* _Available records_:
lemma exp_os_1_add_exp_os_2:
  assumes D: "prob_space D" and int: "integrable D \<phi>" and int_os: "integrable_os D \<phi>"
  shows "exp_os D 1 \<phi> + exp_os D 2 \<phi> = 2 * integral\<^sup>L D \<phi>"
proof -
  interpret D: prob_space D by fact
  interpret DD: pair_prob_space D D ..
  have fst: "has_bochner_integral (D \<Otimes>\<^sub>M D) (\<lambda>z. \<phi> (fst z) * 1) (integral\<^sup>L D \<phi> * 1)"
    and snd: "has_bochner_integral (D \<Otimes>\<^sub>M D) (\<lambda>z. 1 * \<phi> (snd z)) (1 * integral\<^sup>L D \<phi>)"
    using DD.has_bochner_integral_mult_fst_snd[of \<phi> "\<lambda>_. 1"] DD.has_bochner_integral_mult_fst_snd[of "\<lambda>_. 1" \<phi>]
      int by (simp_all add: D.prob_space)
  have "exp_os D 1 \<phi> + exp_os D 2 \<phi> = (\<integral>z. \<phi> (min (fst z) (snd z)) + \<phi> (max (fst z) (snd z)) \<partial>(D \<Otimes>\<^sub>M D))"
    using int_os by (simp add: exp_os_def integrable_os_def)
  also have "\<dots> = (\<integral>z. \<phi> (fst z) * 1 + 1 * \<phi> (snd z) \<partial>(D \<Otimes>\<^sub>M D))"
    by (rule Bochner_Integration.integral_cong) (auto simp: min_def max_def)
  also have "\<dots> = 2 * integral\<^sup>L D \<phi>"
    using has_bochner_integral_add[OF fst snd] by (simp add: has_bochner_integral_iff)
  finally show ?thesis .
qed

* _What you are asked to do_: Leave out every line before the one containing "int by (simp_all add: D.prob_space)"; set down that line and all remaining lines of the material exactly.

* _Solution to the problem_:
      int by (simp_all add: D.prob_space)
  have "exp_os D 1 \<phi> + exp_os D 2 \<phi> = (\<integral>z. \<phi> (min (fst z) (snd z)) + \<phi> (max (fst z) (snd z)) \<partial>(D \<Otimes>\<^sub>M D))"
    using int_os by (simp add: exp_os_def integrable_os_def)
  also have "\<dots> = (\<integral>z. \<phi> (fst z) * 1 + 1 * \<phi> (snd z) \<partial>(D \<Otimes>\<^sub>M D))"
    by (rule Bochner_Integration.integral_cong) (auto simp: min_def max_def)
  also have "\<dots> = 2 * integral\<^sup>L D \<phi>"
    using has_bochner_integral_add[OF fst snd] by (simp add: has_bochner_integral_iff)
  finally show ?thesis .
qed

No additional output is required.